Partab Ramchand
By: Partab Ramchand

Email: partabramchand@yahoo.com

Till Wasim Akram made his presence felt in unmistakable terms in the 80s and 90s Alan Davidson, who passed away on Saturday, October 30, 2021, was freely acknowledged as the best left-arm pace bowler of all time. At the moment then the two stand together as the finest purveyors of the art and craft of left-arm fast bowling which has bothered the best of batsmen over the years.  To the younger generation of cricket fans, it might be difficult to accept Davidson as Akram’s equal, familiar as they are with the latter’s skill and control over pace and swing.  But to older cricket followers who have been around long enough to enjoy the bowling of both it would be impossible to put one ahead of the other. Suffice to say that cricket has been fortunate to have two such bowlers to grace the game in two different eras.

Davidson’s Test career lasted a decade (1953 to 1963) but it was in the 1957 to 1963 phase that he was regarded as one of the world’s finest players and certainly the finest exponent of left-arm swing bowling. When Akram retired he was hailed as the greatest left-arm paceman of all time. Certainly, it is difficult to argue against his figures – 414 wickets from 104 Tests at an average of 23.62 allied to 2898 runs at an average of 22.64. But Davidson in the comparatively lesser opportunities also has the stats to back him up. In 44 Tests he bagged 186 wickets at 20.53 apiece while also scoring 1328 runs at an average of 24.59. Davidson completed the double in his 34th Test while Akram took 45 Tests for his double.
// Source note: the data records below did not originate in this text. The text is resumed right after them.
lemma trig_has_integral:
  "(trig m has_integral (if m = 0 then of_real (2 * pi) else 0)) {-pi..pi}"
proof (cases "m = 0")
  case True
  then have "trig m = (\<lambda>x. 1)" by (simp add: trig_def fun_eq_iff)
  then show ?thesis using True has_integral_const_real[of "1::complex" "-pi" pi]
    by (simp add: scaleR_conv_of_real)
next
  case False
  define F where "F = (\<lambda>x::real. exp (\<i> * of_int m * of_real x) / (\<i> * of_int m))"
  have "(F has_vector_derivative trig m x) (at x within {-pi..pi})" for x
  proof -
    have "((\<lambda>z. exp (\<i> * of_int m * z) / (\<i> * of_int m)) has_field_derivative
            exp (\<i> * of_int m * of_real x)) (at (of_real x))"
      using False by (auto intro!: derivative_eq_intros simp: field_simps)
    from has_vector_derivative_real_field[OF this] show ?thesis
      unfolding F_def trig_def by (rule has_vector_derivative_at_within)
  qed
  then have "(trig m has_integral (F pi - F (-pi))) {-pi..pi}"
    by (intro fundamental_theorem_of_calculus) auto
  moreover have "F pi = F (-pi)"
  proof -
    have "\<i> * of_int m * of_real pi
        = \<i> * of_int m * of_real (-pi) + complex_of_real (2 * real_of_int m * pi) * \<i>"
      by (simp add: algebra_simps)
    then have "exp (\<i> * of_int m * of_real pi)
        = exp (\<i> * of_int m * of_real (-pi)) * exp (complex_of_real (2 * real_of_int m * pi) * \<i>)"
      by (metis exp_add)
    also have "exp (complex_of_real (2 * real_of_int m * pi) * \<i>) = 1"
      by (rule exp_integer_2pi) simp
    finally show ?thesis unfolding F_def by simp
  qed
  ultimately show ?thesis using False by simp
qed

lemma trig_poly_inner_has_integral:
  fixes a b :: "int \<Rightarrow> complex"
  assumes B: "finite B" and AB: "A \<subseteq> B"
  shows "((\<lambda>x. (\<Sum>k\<in>B. a k * trig k x) * cnj (\<Sum>j\<in>A. b j * trig j x)) has_integral
           of_real (2 * pi) * (\<Sum>j\<in>A. a j * cnj (b j))) {-pi..pi}"
proof -
  have A: "finite A" using B AB by (rule finite_subset[rotated])
  have "(\<Sum>k\<in>B. a k * trig k x) * cnj (\<Sum>j\<in>A. b j * trig j x)
          = (\<Sum>k\<in>B. \<Sum>j\<in>A. (a k * cnj (b j)) * trig (k - j) x)" for x
    by (simp add: cnj_sum cnj_trig sum_product trig_mult algebra_simps)
  moreover have "((\<lambda>x. \<Sum>k\<in>B. \<Sum>j\<in>A. (a k * cnj (b j)) * trig (k - j) x) has_integral
        (\<Sum>k\<in>B. \<Sum>j\<in>A. (a k * cnj (b j)) * (if k - j = 0 then of_real (2 * pi) else 0))) {-pi..pi}"
    by (intro has_integral_sum B A ballI has_integral_mult_right trig_has_integral)
  moreover have "(\<Sum>k\<in>B. \<Sum>j\<in>A. (a k * cnj (b j)) * (if k - j = 0 then of_real (2 * pi) else 0))
      = of_real (2 * pi) * (\<Sum>j\<in>A. a j * cnj (b j))"
  proof -
    have "(\<Sum>k\<in>B. \<Sum>j\<in>A. (a k * cnj (b j)) * (if k - j = 0 then of_real (2 * pi) else 0))
        = (\<Sum>j\<in>A. \<Sum>k\<in>B. if k = j then (a k * cnj (b j)) * of_real (2 * pi) else 0)"
      by (subst sum.swap) (intro sum.cong refl, auto)
    also have "\<dots> = (\<Sum>j\<in>A. (a j * cnj (b j)) * of_real (2 * pi))"
      using AB B by (intro sum.cong refl) (auto simp: sum.delta)
    finally show ?thesis by (simp add: sum_distrib_left mult.commute)
  qed
  ultimately show ?thesis by simp
qed

lemma trig_poly_dual:
  fixes a :: "int \<Rightarrow> complex"
  assumes B: "finite B" and AB: "A \<subseteq> B"
  obtains g where "continuous_on UNIV g" "\<And>x. cmod (g x) \<le> real (card A)"
    "((\<lambda>x. (cmod (g x))\<^sup>2) has_integral 2 * pi * real (card A)) {-pi..pi}"
    "2 * pi * (\<Sum>j\<in>A. cmod (a j))
       \<le> integral {-pi..pi} (\<lambda>x. cmod (\<Sum>j\<in>B. a j * trig j x) * cmod (g x))"
proof
  \<comment> \<open>Unimodular phases also where a j = 0, so that the squared norm of g integrates to exactly 2 pi |A|.\<close>
  define \<sigma> where "\<sigma> j = (if a j = 0 then 1 else sgn (a j))" for j
  define g where "g x = (\<Sum>j\<in>A. \<sigma> j * trig j x)" for x
  define f where "f x = (\<Sum>j\<in>B. a j * trig j x)" for x
  have A: "finite A" using B AB by (rule finite_subset[rotated])
  have norm_\<sigma>: "cmod (\<sigma> j) = 1" for j by (simp add: \<sigma>_def norm_sgn)
  have a_\<sigma>: "a j * cnj (\<sigma> j) = of_real (cmod (a j))" for j
    by (simp add: \<sigma>_def sgn_div_norm complex_cnj_divide complex_norm_square[symmetric] power2_eq_square
        scaleR_conv_of_real field_simps)
  have \<sigma>_\<sigma>: "\<sigma> j * cnj (\<sigma> j) = 1" for j
    using complex_norm_square[of "\<sigma> j"] norm_\<sigma>[of j] by simp
  show g_cont: "continuous_on UNIV g" unfolding g_def by (intro continuous_intros)
  show "cmod (g x) \<le> real (card A)" for x
    using norm_sum[of "\<lambda>j. \<sigma> j * trig j x" A] by (simp add: g_def norm_mult norm_\<sigma>)
  have "((\<lambda>x. Re (g x * cnj (g x))) has_integral Re (of_real (2 * pi) * of_nat (card A))) {-pi..pi}"
    using has_integral_Re[OF trig_poly_inner_has_integral[OF A order_refl, of \<sigma> \<sigma>]]
    by (simp add: g_def \<sigma>_\<sigma>)
  then show "((\<lambda>x. (cmod (g x))\<^sup>2) has_integral 2 * pi * real (card A)) {-pi..pi}"
    by (simp flip: complex_norm_square)
  have fg: "((\<lambda>x. f x * cnj (g x)) has_integral of_real (2 * pi * (\<Sum>j\<in>A. cmod (a j)))) {-pi..pi}"
    using trig_poly_inner_has_integral[OF B AB, of a \<sigma>] by (simp add: f_def g_def a_\<sigma>)
  have "cmod (of_real (2 * pi * (\<Sum>j\<in>A. cmod (a j))) :: complex)
      \<le> integral {-pi..pi} (\<lambda>x. cmod (f x) * cmod (g x))"
  proof -
    have "(\<lambda>x. cmod (f x) * cmod (g x)) integrable_on {-pi..pi}"
      unfolding f_def by (intro integrable_continuous_real continuous_intros continuous_on_subset[OF g_cont]) auto
    from integral_norm_bound_integral[OF has_integral_integrable[OF fg] this] fg
    show ?thesis by (simp add: norm_mult integral_unique)
  qed
  then show "2 * pi * (\<Sum>j\<in>A. cmod (a j))
       \<le> integral {-pi..pi} (\<lambda>x. cmod (\<Sum>j\<in>B. a j * trig j x) * cmod (g x))"
    by (subst (asm) norm_of_real) (simp add: f_def sum_nonneg)
qed

lemma sum_norm_coeffs_le_admissible:
  fixes \<Phi> :: "real \<Rightarrow> real" and a :: "int \<Rightarrow> complex"
  assumes mono: "mono \<Phi>" and \<Phi>0: "\<Phi> 0 = 0" and cv: "convex_on {0..} \<Phi>"
    and B: "finite B" and AB: "A \<subseteq> B" and A: "A \<noteq> {}"
    and r: "0 < r"
    and admissible: "(\<integral>\<^sup>+ x \<in> {-pi..<pi}. ennreal (\<Phi> (cmod (\<Sum>j\<in>B. a j * trig j x) / r)) \<partial>lborel) \<le> 1"
    and H: "0 < H" "real (card A) \<le> H\<^sup>2" "0 < \<Phi> H" "real (card A) * H / \<Phi> H \<le> K * H"
    and S: "0 \<le> S" "\<And>s. 1 \<le> s \<Longrightarrow> s < H \<Longrightarrow> s\<^sup>2 \<le> S * \<Phi> s" "S * real (card A) / H \<le> K * H"
  shows "(\<Sum>j\<in>A. cmod (a j)) \<le> (K + pi) / pi * H * r"
proof -
  define n where "n = real (card A)"
  define f where "f x = (\<Sum>j\<in>B. a j * trig j x)" for x
  have n: "0 < n" unfolding n_def using A B AB by (simp add: card_gt_0_iff finite_subset)
  obtain g where g: "continuous_on UNIV g" "\<And>x. cmod (g x) \<le> n"
    "((\<lambda>x. (cmod (g x))\<^sup>2) has_integral 2 * pi * n) {-pi..pi}"
    "2 * pi * (\<Sum>j\<in>A. cmod (a j)) \<le> integral {-pi..pi} (\<lambda>x. cmod (f x) * cmod (g x))"
    using trig_poly_dual[OF B AB, of a] unfolding n_def f_def by blast
  have "integral {-pi..pi} (\<lambda>x. cmod (f x) / r * cmod (g x))
      \<le> n * H / \<Phi> H + S / (2 * (H / n)) + (H / n / 2 * (2 * pi * n) + (pi - - pi) / (2 * (H / n)))"
  proof (rule Young_split_integral_bound[OF mono \<Phi>0 cv _ _ _ _ _ _ g(3) _ H(1,3) _ S(1,2)])
    show "continuous_on UNIV (\<lambda>x. cmod (f x) / r)"
      unfolding f_def using r by (intro continuous_intros) auto
    show "continuous_on UNIV (\<lambda>x. cmod (g x))" by (intro continuous_intros g(1))
  qed (use admissible r H n g(2) in \<open>simp_all add: f_def n_def\<close>)
  also have "\<dots> \<le> 2 * (K + pi) * H"
  proof -
    have "0 \<le> n * H / \<Phi> H" using n H by simp
    then have "0 \<le> K * H" using H(4) by (simp add: n_def)
    moreover have "S / (2 * (H / n)) = S * n / H / 2" using n by simp
    ultimately have "S / (2 * (H / n)) \<le> K * H" using S(3) by (simp add: n_def)
    moreover have "(pi - - pi) / (2 * (H / n)) \<le> pi * H"
      using H(1,2) n by (simp add: field_simps power2_eq_square n_def)
    moreover have "H / n / 2 * (2 * pi * n) = pi * H" using n by simp
    ultimately show ?thesis using H(4) by (simp add: n_def algebra_simps)
  qed
  finally have "integral {-pi..pi} (\<lambda>x. cmod (f x) * cmod (g x)) / r \<le> 2 * (K + pi) * H"
    by (simp add: field_simps)
  then show ?thesis using g(4) r by (simp add: field_simps)
qed

lemma sum_norm_coeffs_le_luxemburg_norm:
  fixes \<Phi> :: "real \<Rightarrow> real" and a :: "int \<Rightarrow> complex"
  assumes mono: "mono \<Phi>" and \<Phi>0: "\<Phi> 0 = 0" and cv: "convex_on {0..} \<Phi>"
    and B: "finite B" and AB: "A \<subseteq> B" and A: "A \<noteq> {}" and K: "0 \<le> K"
    and H: "0 < H" "real (card A) \<le> H\<^sup>2" "0 < \<Phi> H" "real (card A) * H / \<Phi> H \<le> K * H"
    and S: "0 \<le> S" "\<And>s. 1 \<le> s \<Longrightarrow> s < H \<Longrightarrow> s\<^sup>2 \<le> S * \<Phi> s" "S * real (card A) / H \<le> K * H"
  shows "(\<Sum>j\<in>A. cmod (a j)) \<le> (K + pi) / pi * H * luxemburg_norm \<Phi> (\<lambda>x. \<Sum>j\<in>B. a j * trig j x)"
proof (rule le_luxemburg_norm)
  have "cmod (\<Sum>j\<in>B. a j * trig j x) \<le> (\<Sum>j\<in>B. cmod (a j))" for x
    using norm_sum[of "\<lambda>j. a j * trig j x" B] by (simp add: norm_mult)
  then show "\<exists>r>0. (\<integral>\<^sup>+ x \<in> {-pi..<pi}. ennreal (\<Phi> (cmod (\<Sum>j\<in>B. a j * trig j x) / r)) \<partial>lborel) \<le> 1"
    by (rule luxemburg_admissible_exists[OF mono \<Phi>0 cv])
  show "0 \<le> (K + pi) / pi * H" using K H by simp
qed (rule sum_norm_coeffs_le_admissible[OF mono \<Phi>0 cv B AB A _ _ H S])

lemma LlogL_phi_nonpos: "t \<le> 0 \<Longrightarrow> LlogL_phi p \<alpha> c t = 0"
  unfolding LlogL_phi_def by (cases "t = 0") simp_all

lemma LlogL_phi_nonneg: "0 \<le> LlogL_phi p \<alpha> c t"
proof (cases "(\<lambda>s. s powr (p - 1) * (ln (c + s)) powr (\<alpha> * p)) integrable_on {0..t}")
  case True
  then show ?thesis unfolding LlogL_phi_def by (rule integral_nonneg) auto
next
  case False
  then show ?thesis unfolding LlogL_phi_def by (simp add: not_integrable_integral)
qed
Really there is nothing much to choose between the figures and for me personally I would not even try to attempt to pick the greater cricketer between Davidson and Akram. As bowlers and all-rounders the record is very similar for besides being masters of pace and swing they were also attacking left-handed batsmen who propped up the middle order with timely knocks.

The most astonishing stat associated with Davidson is that 170 of his wickets were taken in the last 32 Tests. When he came on the scene Ray Lindwall and Keith Miller handled the new ball and Davidson was used for a few overs or as a change bowler. In his first 12 Tests he had but 16 wickets. It was only after the break-up of the Lindwall-Miller pairing that Davidson was given the new ball. He straightaway established himself as the Aussie spearhead by taking 25 wickets in South Africa in 1957-58 and from then on, he was among the most feared bowlers in the world as 24 wickets against England in 1958-59, 33 against West Indies two years later and 47 in his last two contests against England in 1961 and 1962-63 will testify.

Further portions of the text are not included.